Description of the task:
Here are the records. Write out exactly the lines between the one holding "(real^'m \<Rightarrow> real)" and the one holding "(\<not> A \<subseteq>", inclusive.

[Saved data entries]
[Start of Attachment]

(* Let $\phi^\sharp:\mathcal{O}(\mathbb{R}^{m|2n})\to\mathcal{O}(\mathbb{R}^{m|2n}_0)$ be $\phi^\sharp(f)=\sum_{j=0}^n\frac{(-1)^j\theta^{2j}}{j!}\left(\frac{\partial}{\partial r^2}\right)^jf$. Then, as operators on $\mathcal{O}(\mathbb{R}^{m|2n})$, for $1\le j\le m$ resp. $1\le j\le 2n$: $\phi^\sharp\circ x_j=x_j\sqrt{1-\frac{\theta^2}{r^2}}\,\phi^\sharp$, $\phi^\sharp\circ\grave{x}_j=\grave{x}_j\,\phi^\sharp$, $\phi^\sharp\circ\partial_{x_j}=\frac{1}{\sqrt{1-\theta^2/r^2}}\partial_{x_j}\phi^\sharp-\frac{x_j\theta^2}{r^3\sqrt{1-\theta^2/r^2}}\partial_r\phi^\sharp$, and $\phi^\sharp\circ\partial_{\grave{x}_j}=\partial_{\grave{x}_j}\phi^\sharp-\frac{\grave{x}^j}{r}\partial_r\phi^\sharp$.
   Context: $\mathcal{O}(\mathbb{R}^{m|2n})=\mathcal{C}^\infty(\mathbb{R}^m)\otimes\Lambda_{2n}$, $\mathbb{R}^{m|2n}_0$ the same over $\mathbb{R}^m\setminus\{0\}$. $r=|\underline{x}|$, $\partial_r=\sum_i\frac{x_i}{r}\partial_{x_i}$, $\frac{\partial}{\partial r^2}=\frac1{2r}\partial_r$, acting coefficientwise on the Grassmann expansion. $\theta^2=-\sum_{k=1}^n\grave{x}_{2k-1}\grave{x}_{2k}$; $\sqrt{1-\theta^2/r^2}$ and its inverse are defined by finite Taylor expansion. $\grave{x}^{2k-1}=\frac12\grave{x}_{2k}$, $\grave{x}^{2k}=-\frac12\grave{x}_{2k-1}$. Multiplication by coordinates is understood as an operator. *)

theory Defs
  imports "HOL-Analysis.Analysis"
begin

text \<open>Superfunctions on R^{m|2n}: a Grassmann expansion
  f = sum over A subseteq {1..2n} of f_A(x) x`_A, where x`_A is the ordered product
  of the odd generators with indices in A (increasing order).\<close>

type_synonym 'm sfun = "nat set \<Rightarrow> real^'m \<Rightarrow> real"

definition pd :: "'m::finite \<Rightarrow> (real^'m \<Rightarrow> real) \<Rightarrow> real^'m \<Rightarrow> real" where
  "pd j g x = deriv (\<lambda>t. g (x + t *\<^sub>R axis j 1)) 0"

definition smooth_fun :: "(real^'m::finite \<Rightarrow> real) \<Rightarrow> bool" where
  "smooth_fun g \<longleftrightarrow> (\<forall>js. (foldr pd js g) differentiable_on UNIV)"

definition superfun :: "nat \<Rightarrow> 'm::finite sfun \<Rightarrow> bool" where
  "superfun n f \<longleftrightarrow> (\<forall>A. (A \<subseteq> {1..2*n} \<longrightarrow> smooth_fun (f A))
                        \<and> (\<not> A \<subseteq> {1..2*n} \<longrightarrow> f A = (\<lambda>x. 0)))"

text \<open>Sign of x`_A x`_B = ssign A B * x`_{A union B} for disjoint A, B.\<close>
definition ssign :: "nat set \<Rightarrow> nat set \<Rightarrow> real" where
  "ssign A B = (-1) ^ card {(a, b). a \<in> A \<and> b \<in> B \<and> b < a}"

definition smult :: "'m sfun \<Rightarrow> 'm sfun \<Rightarrow> 'm sfun" where
  "smult f g C x = (\<Sum>A\<in>Pow C. ssign A (C - A) * f A x * g (C - A) x)"

definition sone :: "'m sfun" where
  "sone A x = (if A = {} then 1 else 0)"

definition spow :: "'m sfun \<Rightarrow> nat \<Rightarrow> 'm sfun" where
  "spow f k = (smult f ^^ k) sone"

definition gen :: "nat \<Rightarrow> 'm sfun" where
  "gen j A x = (if A = {j} then 1 else 0)"

definition theta2 :: "nat \<Rightarrow> 'm sfun" where
  "theta2 n A x = - (\<Sum>k=1..n. smult (gen (2*k-1)) (gen (2*k)) A x)"

text \<open>x`^{2k-1} = 1/2 x`_{2k},  x`^{2k} = -1/2 x`_{2k-1}.\<close>
definition gup :: "nat \<Rightarrow> 'm sfun" where
  "gup j A x = (if odd j then 1/2 * gen (j+1) A x else - 1/2 * gen (j-1) A x)"

definition sxmul :: "'m::finite \<Rightarrow> 'm sfun \<Rightarrow> 'm sfun" where
  "sxmul j f A x = x$j * f A x"

definition epd :: "'m::finite \<Rightarrow> 'm sfun \<Rightarrow> 'm sfun" where
  "epd j f A = pd j (f A)"

definition oder :: "nat \<Rightarrow> 'm sfun \<Rightarrow> 'm sfun" where
  "oder j f B x = (if j \<in> B then 0 else (-1) ^ card {b\<in>B. b < j} * f (insert j B) x)"

definition dr :: "'m::finite sfun \<Rightarrow> 'm sfun" where
  "dr f A x = (\<Sum>i\<in>UNIV. x$i / norm x * pd i (f A) x)"

definition dr2 :: "'m::finite sfun \<Rightarrow> 'm sfun" where
  "dr2 f A x = 1 / (2 * norm x) * dr f A x"

text \<open>sqrt(1 - theta^2/r^2) and its inverse via finite Taylor expansion
  (theta^{2(n+1)} = 0).\<close>
definition sqrtfac :: "nat \<Rightarrow> 'm::finite sfun" where
  "sqrtfac n A x = (\<Sum>k=0..n. ((1/2::real) gchoose k) * (-1)^k / (norm x)^(2*k)
                       * spow (theta2 n) k A x)"

definition isqrtfac :: "nat \<Rightarrow> 'm::finite sfun" where
  "isqrtfac n A x = (\<Sum>k=0..n. ((-1/2::real) gchoose k) * (-1)^k / (norm x)^(2*k)
                       * spow (theta2 n) k A x)"

definition phi :: "nat \<Rightarrow> 'm::finite sfun \<Rightarrow> 'm sfun" where
  "phi n f A x = (\<Sum>j=0..n. (-1)^j / fact j * smult (spow (theta2 n) j) ((dr2 ^^ j) f) A x)"

end

theory Submission
  imports Defs
begin

(* The operator phi = sum_j (-1)^j theta^{2j}/j! (d/dr^2)^j is the truncated Taylor
   expansion of the substitution r^2 -> r^2 - theta^2.  All four commutation rules follow
   from three structural facts about phi, proved coefficientwise on R^m minus the origin:
   (1) phi commutes with d/dr^2 and with Omega_j = r (d_j - 2 x_j d/dr^2), and with left
       multiplication by x-independent elements such as x`_j (these commute with d/dr^2,
       and the even powers theta^{2k} are central);
   (2) a product rule: if u is a function with d/dr^2 u = alpha u / r^2 (homogeneous of
       degree 2 alpha), then phi (u f) = u (1 - theta^2/r^2)^alpha phi f, by the Leibniz
       formula for (d/dr^2)^k and a binomial resummation;
   (3) the odd derivative d/dx`_j is a derivation on the even-graded theta^{2k}, with
       d/dx`_j theta^2 = -2 x`^j.  For x_j take
   u = x_j (alpha = 1/2); for d_j split d_j = 2 x_j d/dr^2 + r^{-1} Omega_j and use
   u = 2 x_j and u = 1/r (alpha = -1/2). *)

definition ninv :: "nat set \<Rightarrow> nat set \<Rightarrow> nat" where
  "ninv A B = card {(a,b). a\<in>A \<and> b\<in>B \<and> b<a}"

lemma ssign_inv: "ssign A B = (-1)^ninv A B" by (simp add: ssign_def ninv_def)

lemma finite_pairs: "finite A \<Longrightarrow> finite B \<Longrightarrow> finite {(a,b). a\<in>A \<and> b\<in>B \<and> (P a b)}"
  by (rule finite_subset[of _ "A\<times>B"]) auto

lemma ninv_Un_left:
  assumes "finite A" "finite B" "finite C" "A\<inter>B={}"
  shows "ninv (A\<union>B) C = ninv A C + ninv B C"
proof -
  have "{(a,b). a\<in>A\<union>B \<and> b\<in>C \<and> b<a} = {(a,b). a\<in>A \<and> b\<in>C \<and> b<a} \<union> {(a,b). a\<in>B \<and> b\<in>C \<and> b<a}" by auto
  then show ?thesis unfolding ninv_def using assms
    by (simp add: card_Un_disjoint finite_pairs disjoint_iff)
qed

lemma ninv_Un_right:
  assumes "finite A" "finite B" "finite C" "B\<inter>C={}"
  shows "ninv A (B\<union>C) = ninv A B + ninv A C"
proof -
  have "{(a,b). a\<in>A \<and> b\<in>B\<union>C \<and> b<a} = {(a,b). a\<in>A \<and> b\<in>B \<and> b<a} \<union> {(a,b). a\<in>A \<and> b\<in>C \<and> b<a}" by auto
  then show ?thesis unfolding ninv_def using assms
    by (simp add: card_Un_disjoint finite_pairs disjoint_iff)
qed

(* Swapping two disjoint blocks inverts every pair exactly once. *)
lemma ninv_swap:
  assumes "finite A" "finite B" "A\<inter>B={}"
  shows "ninv A B + ninv B A = card A * card B"
proof -
  have e1: "{(b,a). b\<in>B \<and> a\<in>A \<and> a<b} = prod.swap ` {(a,b). a\<in>A \<and> b\<in>B \<and> a<b}" by auto
  have c1: "ninv B A = card {(a,b). a\<in>A \<and> b\<in>B \<and> a<b}"
    unfolding ninv_def e1 by (rule card_image) simp
  have "A \<times> B = {(a,b). a\<in>A \<and> b\<in>B \<and> b<a} \<union> {(a,b). a\<in>A \<and> b\<in>B \<and> a<b}"
    using assms(3) by (auto simp: disjoint_iff) (metis linorder_neqE_nat)
  then have "card (A\<times>B) = ninv A B + card {(a,b). a\<in>A \<and> b\<in>B \<and> a<b}"
    unfolding ninv_def using assms by (simp add: card_Un_disjoint finite_pairs disjoint_iff)
  then show ?thesis using c1 by (simp add: card_cartesian_product)
qed

lemma ninv_single_left: "finite B \<Longrightarrow> ninv {j} B = card {b\<in>B. b<j}"
proof -
  have "{(a,b). a\<in>{j} \<and> b\<in>B \<and> b<a} = (\<lambda>b. (j,b)) ` {b\<in>B. b<j}" by auto
  then show "ninv {j} B = card {b\<in>B. b<j}" unfolding ninv_def
    by (simp add: card_image inj_on_def)
qed

lemma ninv_single_right: "finite A \<Longrightarrow> ninv A {j} = card {a\<in>A. j<a}"
proof -
  have "{(a,b). a\<in>A \<and> b\<in>{j} \<and> b<a} = (\<lambda>a. (a,j)) ` {a\<in>A. j<a}" by auto
  then show ?thesis unfolding ninv_def
    by (simp add: card_image inj_on_def)
qed

(* Number of elements of X below j: the sign picked up by moving x`_j past x`_X. *)
definition nbelow :: "nat set \<Rightarrow> nat \<Rightarrow> nat" where "nbelow X j = card {b\<in>X. b<j}"

lemma nbelow_Un: "finite A \<Longrightarrow> finite B \<Longrightarrow> A \<inter> B = {} \<Longrightarrow> nbelow (A\<union>B) j = nbelow A j + nbelow B j"
proof -
  assume a: "finite A" "finite B" "A \<inter> B = {}"
  have "{b\<in>A\<union>B. b<j} = {b\<in>A. b<j} \<union> {b\<in>B. b<j}" by auto
  then show ?thesis unfolding nbelow_def using a by (simp add: card_Un_disjoint disjoint_iff)
qed

lemma card_split: "finite A \<Longrightarrow> j \<notin> A \<Longrightarrow> card {a\<in>A. j<a} + nbelow A j = card A"
proof -
  assume a: "finite A" "j \<notin> A"
  have "A = {a\<in>A. j<a} \<union> {a\<in>A. a<j}" using a by auto (metis linorder_neqE_nat)
  then have "card A = card ({a\<in>A. j<a} \<union> {a\<in>A. a<j})" by simp
  also have "\<dots> = card {a\<in>A. j<a} + card {a\<in>A. a<j}" using a by (intro card_Un_disjoint) auto
  finally show ?thesis by (simp add: nbelow_def)
qed

lemma ninv_ins_left: "finite A \<Longrightarrow> finite R \<Longrightarrow> j \<notin> A \<Longrightarrow> ninv (insert j A) R = ninv A R + nbelow R j"
proof -
  assume a: "finite A" "finite R" "j \<notin> A"
  have "ninv ({j} \<union> A) R = ninv {j} R + ninv A R" using a by (intro ninv_Un_left) auto
  then show ?thesis using ninv_single_left[OF a(2)] by (simp add: nbelow_def)
qed

lemma ninv_ins_right: "finite A \<Longrightarrow> finite R \<Longrightarrow> j \<notin> R \<Longrightarrow> ninv A (insert j R) = ninv A R + card {a\<in>A. j<a}"
proof -
  assume a: "finite A" "finite R" "j \<notin> R"
  have "ninv A (R \<union> {j}) = ninv A R + ninv A {j}" using a by (intro ninv_Un_right) auto
  then show ?thesis using ninv_single_right[OF a(1)] by simp
qed

lemma minus_one_pow: "(-1::real)^a = (if even a then 1 else -1)"
  by (simp add: minus_one_power_iff)

lemma minus_one_pow_parity: "even (a + b) \<Longrightarrow> (-1::real)^a = (-1)^b"
  by (auto simp: minus_one_pow)

lemma smult_infinite: "infinite C \<Longrightarrow> smult f g C x = 0"
  by (simp add: smult_def)

(* The cocycle identity for ssign, which is the heart of associativity. *)
lemma sign_assoc:
  assumes "finite C" "A \<subseteq> C" "B \<subseteq> C - A"
  shows "ssign (A\<union>B) (C-(A\<union>B)) * ssign A B = ssign A (C-A) * ssign B (C-A-B)"
proof -
  define C' where "C' = C-A-B"
  have fA: "finite A" "finite B" "finite C'" using assms unfolding C'_def
    by (auto intro: finite_subset[of B C] finite_subset[of A C])
  have e: "C - (A\<union>B) = C'" unfolding C'_def by auto
  have e2: "C - A = B \<union> C'" using assms unfolding C'_def by auto
  have h1: "ninv (A\<union>B) C' = ninv A C' + ninv B C'"
    using fA assms by (intro ninv_Un_left) auto
  have h2: "ninv A (B \<union> C') = ninv A B + ninv A C'"
    using fA unfolding C'_def by (intro ninv_Un_right) auto
  have l: "ssign (A\<union>B) C' * ssign A B = (-1)^(ninv A B + ninv A C' + ninv B C')"
    unfolding ssign_inv h1 by (simp add: power_add[symmetric] algebra_simps)
  have r: "ssign A (B \<union> C') * ssign B C' = (-1)^(ninv A B + ninv A C' + ninv B C')"
    unfolding ssign_inv h2 by (simp add: power_add[symmetric] algebra_simps)
  have e4: "B \<union> C' - B = C'" using assms unfolding C'_def by auto
  show ?thesis using l r unfolding e e2 e4 by simp
qed

lemma assoc_term:
  assumes "finite C" "D \<subseteq> C" "A \<subseteq> D"
  shows "ssign A (C - A) * (ssign (D - A) (C - A - (D - A)) * h (C - A - (D - A)) x)
       = ssign D (C - D) * (ssign A (D - A) * h (C - D) x)"
proof -
  have e1: "C - A - (D - A) = C - D" using assms by auto
  have "ssign (A\<union>(D-A)) (C-(A\<union>(D-A))) * ssign A (D-A) = ssign A (C-A) * ssign (D-A) (C-A-(D-A))"
    using assms by (intro sign_assoc) auto
  moreover have "A \<union> (D-A) = D" using assms by auto
  ultimately show ?thesis unfolding e1 by (simp add: algebra_simps)
qed

lemma smult_assoc: "smult (smult f g) h C x = smult f (smult g h) C x"
proof (cases "finite C")
  case False then show ?thesis by (simp add: smult_infinite)
next
  case True
  have L: "smult (smult f g) h C x = (\<Sum>(D,A)\<in>Sigma (Pow C) Pow.
     ssign D (C - D) * ssign A (D - A) * f A x * g (D - A) x * h (C - D) x)"
    unfolding smult_def using True
    by (subst sum.Sigma[symmetric]) (auto simp: sum_distrib_left sum_distrib_right algebra_simps intro: finite_subset intro!: sum.cong)
  have R: "smult f (smult g h) C x = (\<Sum>(A,B)\<in>Sigma (Pow C) (\<lambda>A. Pow (C-A)).
     ssign A (C - A) * ssign B (C - A - B) * f A x * g B x * h (C - A - B) x)"
    unfolding smult_def using True
    by (subst sum.Sigma[symmetric]) (auto simp: sum_distrib_left sum_distrib_right algebra_simps intro!: sum.cong)
  show ?thesis unfolding L R
    apply (rule sum.reindex_bij_witness[where i="\<lambda>(A,B). (A\<union>B, A)" and j="\<lambda>(D,A). (A, D-A)"])
    using True by (auto simp: assoc_term)
qed

lemma ssign_empty1[simp]: "ssign {} B = 1" by (simp add: ssign_def)

lemma ssign_empty2[simp]: "ssign A {} = 1" by (simp add: ssign_def)

(* Linearity of the product, stated pointwise so that it applies to coefficient expressions. *)
lemma smult_cong_l: "(\<And>C. F C x = F' C x) \<Longrightarrow> smult F G C x = smult F' G C x"
  by (simp add: smult_def)

lemma smult_cong_r: "(\<And>C. G C x = G' C x) \<Longrightarrow> smult F G C x = smult F G' C x"
  by (simp add: smult_def)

[End of Attachment]

Answer space:
definition pd :: "'m::finite \<Rightarrow> (real^'m \<Rightarrow> real) \<Rightarrow> real^'m \<Rightarrow> real" where
  "pd j g x = deriv (\<lambda>t. g (x + t *\<^sub>R axis j 1)) 0"

definition smooth_fun :: "(real^'m::finite \<Rightarrow> real) \<Rightarrow> bool" where
  "smooth_fun g \<longleftrightarrow> (\<forall>js. (foldr pd js g) differentiable_on UNIV)"

definition superfun :: "nat \<Rightarrow> 'm::finite sfun \<Rightarrow> bool" where
  "superfun n f \<longleftrightarrow> (\<forall>A. (A \<subseteq> {1..2*n} \<longrightarrow> smooth_fun (f A))
                        \<and> (\<not> A \<subseteq> {1..2*n} \<longrightarrow> f A = (\<lambda>x. 0)))"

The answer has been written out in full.